The Lower Basin is doing our part for the Colorado River

Re: “California and Arizona’s water negotiators wrong to target Colorado,” Oct. 12 editorial

The editorial misrepresented both facts and intent.

In a perfect encapsulation of the us-vs-them mentality pervading the Colorado River Basin, my recent quote in the Los Angeles Times calling for all of the Basin States to abandon legal hardlines for a compromise solution was reinterpreted by the Post’s Editorial Board as “over-the-top hyperbole” and “accus[ing] the upper basin states of Wyoming, Colorado, Utah, and New Mexico of clinging to ‘their most aggressive and rigid dreamland legal positions.’”

As tempting as it is to look outward rather than inward for the solution to dwindling runoff and storage in the Colorado River Basin, that approach leads only to failure.
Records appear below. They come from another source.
(* Let $G$ be a finite undirected graph with three distinct vertices $u,v,w$ such that $N(u)=\{v,w\}$ and $v,w$ are not adjacent. If $\mathrm{Ind}(G\setminus(N(u)\cup N(v)))$ and $\mathrm{Ind}(G\setminus(N(u)\cup N(w)))$ are $(k-1)$-connected, and $\mathrm{Ind}(G\setminus(N(u)\cup N(v)\cup N(w)))$ is $(k-2)$-connected, then $\mathrm{Ind}(G)$ is $k$-connected.
   Context: $N(x)$ is the set of vertices adjacent to $x$. $\mathrm{Ind}(H)$ is the simplicial complex with vertex set $V(H)$ whose simplices are the independent sets of $H$; $H\setminus W$ is the induced subgraph on $V(H)\setminus W$. A complex is $(-1)$-connected iff nonempty, and every complex is $k$-connected for $k\le-2$. *)

theory Defs
  imports "HOL-Analysis.Analysis"
begin

definition simple_graph :: "'a set \<Rightarrow> ('a \<Rightarrow> 'a \<Rightarrow> bool) \<Rightarrow> bool" where
  "simple_graph V E \<longleftrightarrow> finite V \<and> (\<forall>x y. E x y \<longrightarrow> x \<in> V \<and> y \<in> V)
     \<and> (\<forall>x y. E x y \<longrightarrow> E y x) \<and> (\<forall>x. \<not> E x x)"

definition nbhd :: "'a set \<Rightarrow> ('a \<Rightarrow> 'a \<Rightarrow> bool) \<Rightarrow> 'a \<Rightarrow> 'a set" where
  "nbhd V E x = {y \<in> V. E x y}"

definition independent :: "('a \<Rightarrow> 'a \<Rightarrow> bool) \<Rightarrow> 'a set \<Rightarrow> bool" where
  "independent E S \<longleftrightarrow> (\<forall>x\<in>S. \<forall>y\<in>S. \<not> E x y)"

text \<open>Ind(G \ W): the simplicial complex (as its set of faces) of independent sets
  of the induced subgraph of G on V - W.\<close>
definition Ind_del :: "'a set \<Rightarrow> ('a \<Rightarrow> 'a \<Rightarrow> bool) \<Rightarrow> 'a set \<Rightarrow> 'a set set" where
  "Ind_del V E W = {\<sigma>. \<sigma> \<subseteq> V - W \<and> independent E \<sigma>}"

text \<open>Geometric realization of a finite simplicial complex K (given by its faces):
  the convex combinations of vertices spanning a face, as points of 'a => real.\<close>
definition realization :: "'a set set \<Rightarrow> ('a \<Rightarrow> real) set" where
  "realization K = {f. {x. f x \<noteq> 0} \<in> K \<and> (\<forall>x. 0 \<le> f x) \<and> sum f {x. f x \<noteq> 0} = 1}"

definition realization_top :: "'a set set \<Rightarrow> ('a \<Rightarrow> real) topology" where
  "realization_top K = subtopology (powertop_real UNIV) (realization K)"

definition k_connected :: "int \<Rightarrow> 'b topology \<Rightarrow> bool" where
  "k_connected k X \<longleftrightarrow> (k \<ge> -1 \<longrightarrow> topspace X \<noteq> {}) \<and>
     (\<forall>i::nat. int i \<le> k \<longrightarrow> (\<forall>f. continuous_map (nsphere i) X f \<longrightarrow>
        (\<exists>c. homotopic_with (\<lambda>_. True) (nsphere i) X f (\<lambda>_. c))))"

end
California, Arizona, and Nevada (the Lower Basin States) have not been sitting idly by in the face of this historic drought. Over the past two decades, collective Lower Basin actions have raised the elevation of Lake Mead by nearly 190 feet. From 2023 through the end of 2026, we are projected to cut water use by a staggering 7.5 million acre-feet, more than double the Upper Basin’s annual use.

Going forward, we have proposed annual cuts to the Lower Basin that dwarf current commitments, with those reductions expanding to the Upper Basin only if hydrology worsens. In all the proposals discussed so far, the Lower Basin has offered to take on 85% or more of the needed cuts.

Lower Basin representatives are also acting to protect the farms and families we represent, who make up three-quarters of the Basin’s residents. We cannot accept a solution in which the Upper Basin does not meaningfully participate.

We are running out of time. New Colorado River rules must be adopted before 2026. The key issue is how all seven Basin States will share in the cuts necessary to live with less water.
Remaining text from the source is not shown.